Griffith University will retire its high-performance computer (HPC) hardware when it falls outside warranty, shifting the workloads to run on a mix of offsite HPC clusters and cloud services.
The project is expected to take 18 months to complete and forms part of a broader university-wide cloud and managed services push.
Currently, the Southeast Queensland university operates an on-premises SGI HPC cluster called Gowonda, alongside an older Sun system called v20z.
Both will be out of warranty in 18 months' time, and Griffith University eResearch services and scholarly application development (eRSAD) director Malcolm Wolski said the university would not replace them.
Instead, it plans to migrate workloads that presently run on them to QCIF’s Euramoo cluster, NCI and the Nectar research cloud within the next six months.
The university is also looking to allow researchers to burst onto the Amazon public cloud within 18 months.
“We're moving from a monolithic piece of infrastructure we keep in our own data centre as a HPC to a mixed-service model utilising commercial services and some other more specialised infrastructure,” Wolski said.
"Our work to date has shown that generally 80 percent of job types we could probably move to the cloud tomorrow.
"The remaining 20 percent of job types might need a bit work - for example, in the genomics space where you need high-speed data transfer between storage and the nodes.

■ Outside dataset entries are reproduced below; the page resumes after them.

definition Cc :: "('g::topological_space \<Rightarrow> real) set" where
  "Cc = {f. continuous_on UNIV f \<and> compact (closure {x. f x \<noteq> 0})}"

definition measure_support :: "'g::topological_space measure \<Rightarrow> 'g set" where
  "measure_support M = {x. \<forall>U. open U \<and> x \<in> U \<longrightarrow> emeasure M U > 0}"

definition radon_measure :: "'g::topological_space measure \<Rightarrow> bool" where
  "radon_measure M \<longleftrightarrow> sets M = sets borel \<and>
     (\<forall>K. compact K \<longrightarrow> emeasure M K < \<infinity>) \<and>
     (\<forall>A \<in> sets borel. emeasure M A = (INF U \<in> {U. open U \<and> A \<subseteq> U}. emeasure M U)) \<and>
     (\<forall>U. open U \<longrightarrow> emeasure M U = (SUP K \<in> {K. compact K \<and> K \<subseteq> U}. emeasure M K))"

definition left_haar_system ::
  "('g::topological_space \<Rightarrow> 'g \<Rightarrow> 'g) \<Rightarrow> ('g \<Rightarrow> 'g) \<Rightarrow> ('g \<Rightarrow> 'g measure) \<Rightarrow> bool" where
  "left_haar_system gmul ginv lam \<longleftrightarrow>
     (\<forall>u \<in> unit_space gmul ginv. radon_measure (lam u) \<and>
         measure_support (lam u) = {x. range_map gmul ginv x = u}) \<and>
     (\<forall>f \<in> Cc. continuous_on (unit_space gmul ginv) (\<lambda>u. integral\<^sup>L (lam u) f)) \<and>
     (\<forall>f \<in> Cc. \<forall>x.
        (\<integral>y. f (gmul x y) \<partial>lam (source_map gmul ginv x)) = (\<integral>y. f y \<partial>lam (range_map gmul ginv x)))"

That infrastructure tends to be a bit difficult to find in the cloud services.”
eRSAD support services manager Andrew Bowness said that having Amazon cloud services as an option could help the university combat large peaks in demand for compute resources.

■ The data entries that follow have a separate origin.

lemma partial_sums_delta_eq_truncate:
  assumes "admissible_seq_set Z" and "linear_on_seq_span Z L" and "\<forall>u\<in>Z. H u = L u"
    and "u \<in> Z"
  shows "(\<Sum>t\<le>T. L (delta t (u t))) = H (\<lambda>s. if s \<le> T then u s else 0)"
proof -
  have trunc: "(\<lambda>s. if s \<le> T then u s else 0) \<in> Z" for T
    using assms(1,4) by (rule admissible_seq_set_truncate)
  have HL: "H v = L v" if "v \<in> Z" for v
    using assms(3) that by blast
  show ?thesis
  proof (induction T)
    case 0
    have "(\<lambda>s. if s \<le> 0 then u s else 0) = delta 0 (u 0)"
      by (auto simp: delta_def)
    then show ?case
      using HL[OF trunc[of 0]] by simp
  next
    case (Suc T)
    have "H (\<lambda>s. if s \<le> Suc T then u s else 0) = L (\<lambda>s. if s \<le> Suc T then u s else 0)"
      by (rule HL[OF trunc])
    also have "\<dots> = L (\<lambda>s. if s \<le> T then u s else 0) + L (delta (Suc T) (u (Suc T)))"
      unfolding truncate_Suc
      by (rule linear_on_seq_span_add[OF assms(2) in_seq_span[OF trunc]
            delta_in_seq_span[OF assms(1)]])
    also have "\<dots> = H (\<lambda>s. if s \<le> T then u s else 0) + L (delta (Suc T) (u (Suc T)))"
      by (simp only: HL[OF trunc])
    finally show ?case
      by (simp add: Suc.IH)
  qed
qed

lemma formal_convolution_rep_iff_sums:
  "formal_convolution_rep Z H \<longleftrightarrow>
     (\<exists>\<kappa>. (\<forall>t. bounded_linear (\<kappa> t)) \<and> (\<forall>u\<in>Z. (\<lambda>t. \<kappa> t (u t)) sums H u))"
  by (simp add: formal_convolution_rep_def sums_def_le)

lemma convolution_finite_support:
  fixes \<kappa> :: "nat \<Rightarrow> 'z::real_normed_vector \<Rightarrow> 'y::real_normed_vector"
  assumes "\<And>t. \<kappa> t 0 = 0" and "(\<lambda>t. \<kappa> t (v t)) sums y"
    and "finite A" and "\<And>t. t \<notin> A \<Longrightarrow> v t = 0"
  shows "y = (\<Sum>t\<in>A. \<kappa> t (v t))"
proof -
  have "(\<lambda>t. \<kappa> t (v t)) sums (\<Sum>t\<in>A. \<kappa> t (v t))"
    by (rule sums_finite[OF assms(3)]) (simp add: assms(1,4))
  then show ?thesis
    using assms(2) sums_unique2 by blast
qed

lemma formal_convolution_rep_imp_minimal_FMP:
  assumes "admissible_seq_set Z" and "formal_convolution_rep Z H"
  shows "minimal_FMP Z H"
  unfolding minimal_FMP_def
proof
  fix u assume "u \<in> Z"
  obtain \<kappa> where \<kappa>: "\<And>t. bounded_linear (\<kappa> t)"
    and sums: "\<And>u. u \<in> Z \<Longrightarrow> (\<lambda>t. \<kappa> t (u t)) sums H u"
    using assms(2) unfolding formal_convolution_rep_iff_sums by blast
  have \<kappa>0: "\<kappa> t 0 = 0" for t
    using \<kappa> by (rule linear_simps(3))
  have "H (\<lambda>s. if s \<le> T then u s else 0) = (\<Sum>t\<le>T. \<kappa> t (u t))" for T
  proof -
    have "H (\<lambda>s. if s \<le> T then u s else 0) = (\<Sum>t\<le>T. \<kappa> t (if t \<le> T then u t else 0))"
      by (intro convolution_finite_support[where \<kappa>=\<kappa>, OF \<kappa>0 sums]
          admissible_seq_set_truncate[OF assms(1) \<open>u \<in> Z\<close>]) auto
    then show ?thesis
      by simp
  qed
  then show "(\<lambda>T. H (\<lambda>s. if s \<le> T then u s else 0)) \<longlonglongrightarrow> H u"
    using sums[OF \<open>u \<in> Z\<close>] by (simp add: sums_def_le)
qed

lemma formal_convolution_rep_imp_minimally_continuous:
  assumes "admissible_seq_set Z" and "formal_convolution_rep Z H"
  shows "minimally_continuous H"
  unfolding minimally_continuous_def
proof
  fix t
  obtain \<kappa> where \<kappa>: "\<And>t. bounded_linear (\<kappa> t)"
    and sums: "\<And>u. u \<in> Z \<Longrightarrow> (\<lambda>t. \<kappa> t (u t)) sums H u"
    using assms(2) unfolding formal_convolution_rep_iff_sums by blast
  have \<kappa>0: "\<kappa> t 0 = 0" for t
    using \<kappa> by (rule linear_simps(3))
  have "H (delta t z) = \<kappa> t z" if "z \<in> cball 0 1" for z
  proof -
    have "delta t z \<in> Z"
      using that by (intro admissible_seq_set_delta[OF assms(1)]) simp
    then have "H (delta t z) = (\<Sum>s\<in>{t}. \<kappa> s (delta t z s))"
      by (intro convolution_finite_support[where \<kappa>=\<kappa>, OF \<kappa>0 sums])
        (auto simp: delta_def)
    then show ?thesis
      by (simp add: delta_def)
  qed
  then show "continuous_on (cball 0 1) (\<lambda>z. H (delta t z))"
    by (intro continuous_on_eq[OF linear_continuous_on[OF \<kappa>]]) simp
qed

"When we looked back at our traditional HPC stats, every once in we get these massive spikes of single-core jobs where someone is running up 1000 instances of the same kind of job that runs for a day on a machine," Bowness said.
"That sort of task works really well on Amazon."
However, Bowness noted that cost would "come into the equation" with any use of Amazon instances for research purposes.
The push to expand high-performance compute options is part of a broader university-wide cloud strategy called Project Iris that has already seen the university’s three on premise data centres reduced to two, with the aim of eventually only having a single data centre on campus.
“Historically a lot of our discussions here around HPC have focused around how we keep up with user demand and keep the queues running, whereas in the past year or two we’ve turned the conversation around and asked ‘is there a better way of doing this that is more cost effective?',” Wolski said.
“There will still be a drive to get more users onto HPC, but it’s all about research benefit rather than having a million dollars’ worth of hardware sitting in a room on the Gold Coast.”
Cloud software licensing
According to Wolski and Bowness, the project faces challenges including reconceptualising the HPC service model, and re-evaluating licencing agreements to find out if they allow the university to run various applications in the cloud.
“We've got quite a bit of software that we run locally on our infrastructure here, and we haven't gone through our whole back catalogue and said 'well, what can we run in Amazon?'” Bowness said.
"In some cases, if we have software-based networking, they'd consider that on-premises for licensing purposes, and it's not an issue. But not all vendors' licences do,” Bowness said.
The eRSAD team is looking to deploy Nimrod as a scheduling tool with a web-based front end to obscure the differences between research clouds.
Nimrod was developed by universities to enable researchers to submit jobs, regardless of the infrastructure that would handle them.